Yes like theologians of yore, we can divide time again, as before Obama (BO) and after Obama (AO). But, we must not discard continuity in the midst of change; old rubbish gets's recycled and takes on another form, Mr. Hitchens. Let's dispel canards of canards by an abbreviated examination, due to space limitations, of America's clinical trial in black and white.
If ever there was an example of science imitating life, the codification of instinctive behavior, it is the pharmacology of black-white relations in America. With a critical eye we can view this relationship as an intergenerational clinical trial where the treatment group receives the medicine and the control group imbibes the placebo. In this observation, however, the medicine is a historic process whose outcome is wealth. The assets of interest here are not those of the wealthy but rather the homes of middle class Americans; a modicum of wealth which still determines household net worth in the country. Household net worth is, in turn, inversely related to social pathologies, such as crime and family dysfunction. It is within the context of clinical trials that the large difference in median wealth, favoring whites over blacks by a 10:1 ratio, can best be understood.
From land grants in the 17th century to suburban tract homes in the 20th century, average white Americans have availed themselves of real property wealth provided by the government, a powerful treatment by any standard. American blacks have, in contrast largely received the placebo, no property when they were property, scarcely any thereafter, and much abuse, as the continuous and cumulative historical record demonstrates
The positive economic and social benefits of land grants and homeownership are clear for white Americans. For this reason it is all the more disturbing that this remedy is not effectively and universally applied in America today. Having conferred historical competitive advantages to white Americans we cannot simply declare laissez-faire the color-blind measure of race relations.

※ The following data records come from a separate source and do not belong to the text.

theorem sigma_max_transfer_zero:
  assumes B: "B \<in> carrier_mat m p" and "0 < p" and BB: "B * transpose_mat B = a \<cdot>\<^sub>m L + b \<cdot>\<^sub>m (L * L)"
    and "0 \<le> a" "0 \<le> b"
  shows "sigma_max (minv (shifted 0) * cmat B) = sqrt (a / \<mu> + b)"
proof -
  obtain x where "x \<in> carrier_vec m" "x \<noteq> 0\<^sub>v m"
    "(minv (shifted 0) * cmat B) *\<^sub>v (conj_transpose (minv (shifted 0) * cmat B) *\<^sub>v x)
       = complex_of_real (a / \<mu> + b) \<cdot>\<^sub>v x"
    using transfer_at_zero_attains[OF B BB] by blast
  then show ?thesis
    by (intro sigma_max_eqI[OF mult_carrier_mat[OF minv_shifted(1)[of 0] cmat_carrier[OF B]] \<open>0 < p\<close> _
          transfer_adjoint_bound[OF B BB \<open>0 \<le> a\<close> \<open>0 \<le> b\<close>]])
      (use pos \<open>0 \<le> a\<close> \<open>0 \<le> b\<close> in simp_all)
qed

lemma cmat_minv: "cmat (minv L) = minv (shifted 0)"
proof -
  have inj: "v = 0\<^sub>v m" if v: "v \<in> carrier_vec m" and Lv: "L *\<^sub>v v = 0\<^sub>v m" for v
  proof -
    have "shifted 0 *\<^sub>v map_vec complex_of_real v = 0\<^sub>v m"
      unfolding shifted_zero using cmat_mult_vec[OF carrier v] Lv by simp
    then show ?thesis
      using shifted_injective[of 0 "map_vec complex_of_real v"] v by simp
  qed
  note Li = minv_if_injective[OF carrier inj]
  show ?thesis
    unfolding shifted_zero
    using cmat_mult[OF carrier Li(1)] cmat_mult[OF Li(1) carrier] Li
    by (intro minv_eqI[OF cmat_carrier_L, symmetric]) simp_all
qed
(* Let $a_1,\dots,a_8$ be pairwise distinct positive reals and let $$\mathscr H_{\mathrm{small}}=\{P^{(0)}_1(a_i): i=1,\dots,4\}\cup\{P^{(1)}_2(a_i,0): i=5,\dots,8\}.$$ If the simple one-layer GNN with parameters $w_2,W_{11},W_{12},b_1,b_2$ satisfies $h^{(1)}_u(G)=x_u(\Gamma(G))$ for every $G\in\mathscr H_{\mathrm{small}}$ and every $u\in V(G)$, then $w_2W_{11}=w_2W_{12}=1$ and $w_2b_1+b_2=0$.
   Context: Attributed graphs: $G=(V,E,X_{\mathrm v},X_{\mathrm e})$ with $V$ finite, $E$ a set of undirected edges, nonnegative edge weights $x_{(u,v)}=x_{(v,u)}\ge 0$ and nonnegative real node features $x_v$. Every node carries a self-loop of weight $x_{(v,v)}=0$, and $\mathcal N(v)=\{v\}\cup\{u:\{u,v\}\in E\}$. A constant $\beta>0$ (larger than all sums of edge weights considered) encodes "infinite distance". $x_v(H)$ denotes the feature of node $v$ in graph $H$. The Bellman–Ford operator $\Gamma$ sends $G$ to the graph with the same vertices, edges and edge weights and node features $x'_v=\min\{x_u+x_{(u,v)}:u\in\mathcal N(v)\}$. For a source $s$, $\mathrm d^{(t)}(s,v)$ is the minimal total weight of a walk from $s$ to $v$ with at most $t$ edges, or $\beta$ if none exists. $P^{(t)}_k(a_1,\dots,a_k)$ is the path graph with vertices $v_0,\dots,v_k$, edges $\{v_{i-1},v_i\}$ of weight $a_i$, and node features $x_{v_i}=\mathrm d^{(t)}(v_0,v_i)$. Simple one-layer GNN: with $\sigma(z)=\max(z,0)$, $$h^{(1)}_v(G)=\sigma\Big(w_2\min_{u\in\mathcal N(v)}\sigma\big(W_{11}x_u+W_{12}x_{(u,v)}+b_1\big)+b_2\Big).$$ *)

theory Defs
  imports Main "HOL.Real"
begin

text \<open>Attributed graphs with natural-number vertices, undirected edges (2-element sets),
  edge weights (symmetric) and real node features.\<close>
record agraph =
  verts :: "nat set"
  edges :: "nat set set"
  ew    :: "nat \<Rightarrow> nat \<Rightarrow> real"
  nf    :: "nat \<Rightarrow> real"

definition wt :: "agraph \<Rightarrow> nat \<Rightarrow> nat \<Rightarrow> real" where
  "wt G u v = (if u = v then 0 else ew G u v)"

definition nbhd :: "agraph \<Rightarrow> nat \<Rightarrow> nat set" where
  "nbhd G v = {v} \<union> {u. {u, v} \<in> edges G}"

definition BF :: "agraph \<Rightarrow> agraph" where
  "BF G = G\<lparr>nf := (\<lambda>v. Min ((\<lambda>u. nf G u + wt G u v) ` nbhd G v))\<rparr>"

definition is_walk :: "agraph \<Rightarrow> nat list \<Rightarrow> bool" where
  "is_walk G ps \<longleftrightarrow> ps \<noteq> [] \<and> set ps \<subseteq> verts G \<and>
     (\<forall>i. Suc i < length ps \<longrightarrow> {ps ! i, ps ! Suc i} \<in> edges G)"

definition walk_weight :: "agraph \<Rightarrow> nat list \<Rightarrow> real" where
  "walk_weight G ps = (\<Sum>i<length ps - 1. ew G (ps ! i) (ps ! Suc i))"

definition walks_le :: "agraph \<Rightarrow> nat \<Rightarrow> nat \<Rightarrow> nat \<Rightarrow> nat list set" where
  "walks_le G t s v = {ps. is_walk G ps \<and> hd ps = s \<and> last ps = v \<and> length ps \<le> Suc t}"

text \<open>d^(t)(s,v), with beta encoding infinite distance.\<close>
definition dist :: "real \<Rightarrow> nat \<Rightarrow> agraph \<Rightarrow> nat \<Rightarrow> nat \<Rightarrow> real" where
  "dist \<beta> t G s v = (if walks_le G t s v = {} then \<beta>
                      else Min (walk_weight G ` walks_le G t s v))"

text \<open>Underlying path graph on v_0..v_k (vertex i = v_i) with edge {v_(i-1), v_i} of
  weight as!(i-1), where k = length as; node features are placeholders.\<close>
definition path_base :: "real list \<Rightarrow> agraph" where
  "path_base as = \<lparr> verts = {0..length as},
      edges = {{i, Suc i} | i. i < length as},
      ew = (\<lambda>u v. if v = Suc u \<and> u < length as then as ! u
                  else if u = Suc v \<and> v < length as then as ! v else 0),
      nf = (\<lambda>_. 0) \<rparr>"

definition path_graph :: "real \<Rightarrow> nat \<Rightarrow> real list \<Rightarrow> agraph" where
  "path_graph \<beta> t as = (path_base as)\<lparr>nf := (\<lambda>v. dist \<beta> t (path_base as) 0 v)\<rparr>"

definition relu :: "real \<Rightarrow> real" where
  "relu z = max z 0"

definition gnn1 :: "real \<Rightarrow> real \<Rightarrow> real \<Rightarrow> real \<Rightarrow> real \<Rightarrow> agraph \<Rightarrow> nat \<Rightarrow> real" where
  "gnn1 w2 W11 W12 b1 b2 G v =
     relu (w2 * Min ((\<lambda>u. relu (W11 * nf G u + W12 * wt G u v + b1)) ` nbhd G v) + b2)"

end

theory Submission imports Defs begin

text \<open>At the far end v of either path the neighbourhood is {u, v} with x_v = \<beta>, so the GNN
  computes t \<mapsto> relu (w2 * min (relu (K t + b1)) c + b2) with c = relu (W11 \<beta> + b1), where
  K = W12 on P^(0)_1(t) and K = W11 on P^(1)_2(t, 0), while Bellman-Ford returns t. Outside
  the window where 0 < K t + b1 < c this map takes only two values, so among four distinct
  fixed points two lie in the window, where it is the affine map t \<mapsto> w2 (K t + b1) + b2;
  agreeing with the identity at two points forces w2 K = 1 and w2 b1 + b2 = 0.\<close>

lemma walks_le_zero_self:
  assumes "s \<in> verts G"
  shows "walks_le G 0 s s = {[s]}"
proof -
  have "ps = [s]" if "ps \<noteq> []" "length ps \<le> Suc 0" "hd ps = s" for ps :: "nat list"
    using that by (cases ps) auto
  then show ?thesis
    using assms unfolding walks_le_def is_walk_def by auto
qed

lemma dist_zero_self:
  assumes "s \<in> verts G"
  shows "dist \<beta> 0 G s s = 0"
  using assms by (simp add: dist_def walks_le_zero_self walk_weight_def)

lemma walks_le_one_edge:
  assumes "s \<noteq> v" "s \<in> verts G" "v \<in> verts G" "{s, v} \<in> edges G"
  shows "walks_le G 1 s v = {[s, v]}"
proof (intro set_eqI iffI)
  fix ps assume "ps \<in> walks_le G 1 s v"
  then have "ps \<noteq> []" "length ps \<le> 2" "hd ps = s" "last ps = v"
    unfolding walks_le_def is_walk_def by auto
  then show "ps \<in> {[s, v]}"
    using \<open>s \<noteq> v\<close> by (cases ps; cases "tl ps") auto
next
  fix ps assume "ps \<in> {[s, v]}"
  then show "ps \<in> walks_le G 1 s v"
    using assms unfolding walks_le_def is_walk_def by (auto simp: less_Suc_eq)
qed

lemma dist_one_edge:
  assumes "s \<noteq> v" "s \<in> verts G" "v \<in> verts G" "{s, v} \<in> edges G"
  shows "dist \<beta> 1 G s v = ew G s v"
  unfolding dist_def walks_le_one_edge[OF assms] by (simp add: walk_weight_def)

lemma path_base_edge_le_Suc:
  assumes "{u, v} \<in> edges (path_base as)"
  shows "v \<le> Suc u"
  using assms unfolding path_base_def by (auto simp: doubleton_eq_iff)

text \<open>Each edge of a path graph advances by at most one vertex, so a walk with at most
  t edges from v_0 cannot reach v_i for i > t.\<close>
lemma path_base_walk_last_le:
  assumes "is_walk (path_base as) ps"
  shows "last ps \<le> hd ps + (length ps - 1)"
proof -
  have "ps ! i \<le> hd ps + i" if "i < length ps" for i
    using that
  proof (induction i)
    case 0
    then show ?case by (simp add: hd_conv_nth)
  next
    case (Suc i)
    then have "{ps ! i, ps ! Suc i} \<in> edges (path_base as)"
      using assms by (simp add: is_walk_def)
    then show ?case
      using Suc path_base_edge_le_Suc by fastforce
  qed
  moreover have "ps \<noteq> []" using assms by (simp add: is_walk_def)
  ultimately show ?thesis by (simp add: last_conv_nth)
qed

lemma dist_path_base_unreachable:
  assumes "t < v"
  shows "dist \<beta> t (path_base as) 0 v = \<beta>"
proof -
  have "walks_le (path_base as) t 0 v = {}"
    using path_base_walk_last_le assms unfolding walks_le_def by fastforce
  then show ?thesis by (simp add: dist_def)
qed

lemma gnn1_two_neighbours:
  assumes "nbhd G v = {u, v}"
  shows "gnn1 w2 W11 W12 b1 b2 G v =
    relu (w2 * min (relu (W11 * nf G u + W12 * wt G u v + b1)) (relu (W11 * nf G v + b1)) + b2)"
  using assms by (simp add: gnn1_def wt_def)

lemma BF_two_neighbours:
  assumes "nbhd G v = {u, v}"
  shows "nf (BF G) v = min (nf G u + wt G u v) (nf G v)"
  using assms by (simp add: BF_def wt_def)

lemma path_graph_simps [simp]:
  "verts (path_graph \<beta> t as) = {0..length as}"
  "nbhd (path_graph \<beta> t as) v = nbhd (path_base as) v"
  "wt (path_graph \<beta> t as) u v = wt (path_base as) u v"
  "nf (path_graph \<beta> t as) v = dist \<beta> t (path_base as) 0 v"
  by (simp_all add: path_graph_def path_base_def nbhd_def wt_def)

lemma path_base_one:
  "verts (path_base [x]) = {0, 1}"
  "nbhd (path_base [x]) 1 = {0, 1}"
  "wt (path_base [x]) 0 1 = x"
  by (auto simp: path_base_def nbhd_def wt_def doubleton_eq_iff)

lemma path_base_two:
  "verts (path_base [x, y]) = {0, 1, 2}"
  "edges (path_base [x, y]) = {{0, 1}, {1, 2}}"
  "nbhd (path_base [x, y]) 2 = {1, 2}"
  "ew (path_base [x, y]) 0 1 = x"
  "wt (path_base [x, y]) 1 2 = y"
  by (auto simp: path_base_def nbhd_def wt_def doubleton_eq_iff less_Suc_eq)

text \<open>On P^(0)_1(x) the far end sees its neighbour at distance 0 across an edge of weight x,
  and itself at distance \<beta>.\<close>
lemma gnn1_path_one_edge:
  "gnn1 w2 W11 W12 b1 b2 (path_graph \<beta> 0 [x]) 1 =
     relu (w2 * min (relu (W12 * x + b1)) (relu (W11 * \<beta> + b1)) + b2)"
  "x \<le> \<beta> \<Longrightarrow> nf (BF (path_graph \<beta> 0 [x])) 1 = x"
proof -
  let ?G = "path_graph \<beta> 0 [x]"
  have nb: "nbhd ?G 1 = {0, 1}" using path_base_one(2) by simp
  have u: "nf ?G 0 = 0" by (simp add: dist_zero_self path_base_one)
  have v: "nf ?G 1 = \<beta>" by (simp add: dist_path_base_unreachable)
  have w: "wt ?G 0 1 = x" using path_base_one(3) by simp
  show "gnn1 w2 W11 W12 b1 b2 ?G 1 =
      relu (w2 * min (relu (W12 * x + b1)) (relu (W11 * \<beta> + b1)) + b2)"
    unfolding gnn1_two_neighbours[OF nb] u v w by simp
  show "x \<le> \<beta> \<Longrightarrow> nf (BF ?G) 1 = x"
    unfolding BF_two_neighbours[OF nb] u v w by simp
qed

text \<open>On P^(1)_2(x, 0) the far end sees its neighbour at distance x across an edge of weight 0,
  and itself at distance \<beta>.\<close>
lemma gnn1_path_two_edges:
  "gnn1 w2 W11 W12 b1 b2 (path_graph \<beta> 1 [x, 0]) 2 =
     relu (w2 * min (relu (W11 * x + b1)) (relu (W11 * \<beta> + b1)) + b2)"
  "x \<le> \<beta> \<Longrightarrow> nf (BF (path_graph \<beta> 1 [x, 0])) 2 = x"
proof -
  let ?G = "path_graph \<beta> 1 [x, 0]"
  have nb: "nbhd ?G 2 = {1, 2}" using path_base_two(3) by simp
  have "nf ?G 1 = dist \<beta> 1 (path_base [x, 0]) 0 1" by simp
  also have "\<dots> = x" by (subst dist_one_edge) (use path_base_two in simp_all)
  finally have u: "nf ?G 1 = x" .
  have v: "nf ?G 2 = \<beta>" by (simp add: dist_path_base_unreachable)
  have w: "wt ?G 1 2 = 0" using path_base_two(5) by simp
  show "gnn1 w2 W11 W12 b1 b2 ?G 2 =
      relu (w2 * min (relu (W11 * x + b1)) (relu (W11 * \<beta> + b1)) + b2)"
    unfolding gnn1_two_neighbours[OF nb] u v w by simp
  show "x \<le> \<beta> \<Longrightarrow> nf (BF ?G) 2 = x"
    unfolding BF_two_neighbours[OF nb] u v w by simp
qed

lemma affine_fit_two_points:
  fixes w K b d x y :: real
  assumes "w * (K * x + b) + d = x" "w * (K * y + b) + d = y" "x \<noteq> y"
  shows "w * K = 1 \<and> w * b + d = 0"
proof -
  have "(w * K - 1) * (x - y) = 0"
    using assms(1,2) by (simp add: algebra_simps)
  then have "w * K = 1" using assms(3) by simp
  moreover have "(w * K) * x + (w * b + d) = x" using assms(1) by (simp add: algebra_simps)
  ultimately show ?thesis by simp
qed

text \<open>Outside the window 0 < K t + b < c the clipped term min (relu (K t + b)) c is 0 or c,
  so at most two fixed points lie there and at least two lie inside, where the map is affine.\<close>
lemma clipped_relu_fixed_points_affine:
  fixes T :: "real set" and w K b c d :: real
  assumes "finite T" "card T \<ge> 4" "\<forall>t\<in>T. t > 0"
    and fixed: "\<forall>t\<in>T. relu (w * min (relu (K * t + b)) c + d) = t"
  shows "w * K = 1 \<and> w * b + d = 0"
proof -
  define S where "S = {t \<in> T. 0 < K * t + b \<and> K * t + b < c}"
  have "T - S \<subseteq> (\<lambda>m. relu (w * m + d)) ` {0, c}"
  proof
    fix t assume "t \<in> T - S"
    then have "min (relu (K * t + b)) c \<in> {0, c}"
      by (auto simp: S_def relu_def)
    moreover have "t = relu (w * min (relu (K * t + b)) c + d)"
      using fixed \<open>t \<in> T - S\<close> by simp
    ultimately show "t \<in> (\<lambda>m. relu (w * m + d)) ` {0, c}"
      by (rule rev_image_eqI)
  qed
  then have "card (T - S) \<le> card ((\<lambda>m. relu (w * m + d)) ` {0, c})"
    by (simp add: card_mono)
  also have "\<dots> \<le> 2"
    by (rule order_trans[OF card_image_le]) (simp_all add: card_insert_if)
  finally have "card (T - S) \<le> 2" .
  moreover have "card T \<le> card S + card (T - S)"
    using card_Un_le[of S "T - S"] by (simp add: Un_absorb1 S_def)
  ultimately have "card S \<ge> 2" using assms(2) by linarith
  then obtain x y where xy: "x \<in> S" "y \<in> S" "x \<noteq> y"
    by (auto simp: numeral_2_eq_2 card_le_Suc_iff)
  have "w * (K * t + b) + d = t" if "t \<in> S" for t
    using that fixed assms(3) by (auto simp: S_def relu_def max_def split: if_splits)
  then show ?thesis
    using affine_fit_two_points xy by blast
qed

theorem mainTheorem2:
  fixes a :: "nat \<Rightarrow> real" and \<beta> w2 W11 W12 b1 b2 :: real
  assumes distinct: "inj_on a {1..8}"
    and pos: "\<forall>i\<in>{1..8}. a i > 0"
    and beta_pos: "\<beta> > 0"
    and beta_large: "\<forall>i\<in>{1..8}. a i < \<beta>"
    and fit: "\<forall>G \<in> {path_graph \<beta> 0 [a i] | i. i \<in> {1..4}}
                 \<union> {path_graph \<beta> 1 [a i, 0] | i. i \<in> {5..8}}.
               \<forall>u \<in> verts G. gnn1 w2 W11 W12 b1 b2 G u = nf (BF G) u"
  shows "w2 * W11 = 1 \<and> w2 * W12 = 1 \<and> w2 * b1 + b2 = 0"
proof -
  define c where "c = relu (W11 * \<beta> + b1)"
  have one_edge: "\<forall>t \<in> a ` {1..4}. relu (w2 * min (relu (W12 * t + b1)) c + b2) = t"
  proof
    fix t assume "t \<in> a ` {1..4}"
    then obtain i where i: "i \<in> {1..4}" "t = a i" by blast
    then have "path_graph \<beta> 0 [t] \<in> {path_graph \<beta> 0 [a i] | i. i \<in> {1..4}}" by blast
    then have "gnn1 w2 W11 W12 b1 b2 (path_graph \<beta> 0 [t]) 1 = nf (BF (path_graph \<beta> 0 [t])) 1"
      using fit by simp
    moreover have "t \<le> \<beta>" using beta_large i by (simp add: less_imp_le)
    ultimately show "relu (w2 * min (relu (W12 * t + b1)) c + b2) = t"
      using gnn1_path_one_edge[where x = t] by (simp add: c_def)
  qed
  have two_edges: "\<forall>t \<in> a ` {5..8}. relu (w2 * min (relu (W11 * t + b1)) c + b2) = t"
  proof
    fix t assume "t \<in> a ` {5..8}"
    then obtain i where i: "i \<in> {5..8}" "t = a i" by blast
    then have "path_graph \<beta> 1 [t, 0] \<in> {path_graph \<beta> 1 [a i, 0] | i. i \<in> {5..8}}" by blast
    then have "gnn1 w2 W11 W12 b1 b2 (path_graph \<beta> 1 [t, 0]) 2 = nf (BF (path_graph \<beta> 1 [t, 0])) 2"
      using fit by simp
    moreover have "t \<le> \<beta>" using beta_large i by (simp add: less_imp_le)
    ultimately show "relu (w2 * min (relu (W11 * t + b1)) c + b2) = t"
      using gnn1_path_two_edges[where x = t] by (simp add: c_def)
  qed
  have "card (a ` {1..4}) = 4" "card (a ` {5..8}) = 4"
    by (simp_all add: card_image inj_on_subset[OF distinct])
  moreover have "\<forall>t \<in> a ` {1..4}. t > 0" "\<forall>t \<in> a ` {5..8}. t > 0"
    using pos by auto
  ultimately have "w2 * W12 = 1 \<and> w2 * b1 + b2 = 0" "w2 * W11 = 1 \<and> w2 * b1 + b2 = 0"
    using clipped_relu_fixed_points_affine[OF _ _ _ one_edge]
      clipped_relu_fixed_points_affine[OF _ _ _ two_edges] by simp_all
  then show ?thesis by simp
qed

end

The need exists for an inter-generational housing initiative to supply each new generation of Americans (all Americans) with the urban, suburban, and ex-urban, environmentally friendly, starter homes they require. With the advent of inexpensive, aesthetically attractive, pre-fabrication housing technology this initiative is as feasible as the Levittown-like developments that placed 11 million American families into homes after World War II. Per unit costs for sizable developments would be less than $50,000. This is the centerpiece of successful domestic governance.
For the treatment to be fully effective, however, the nation must finally remove those lingering social and marketplace discriminations still blunting the progress of so many black Americans. In short, “average” black Americans require the same supportive infrastructure long enjoyed by their white counterparts, rather than being held to a higher, heroic standard.
Until these matters are addressed Mr. Hitchens your ideas are just smacking at the question.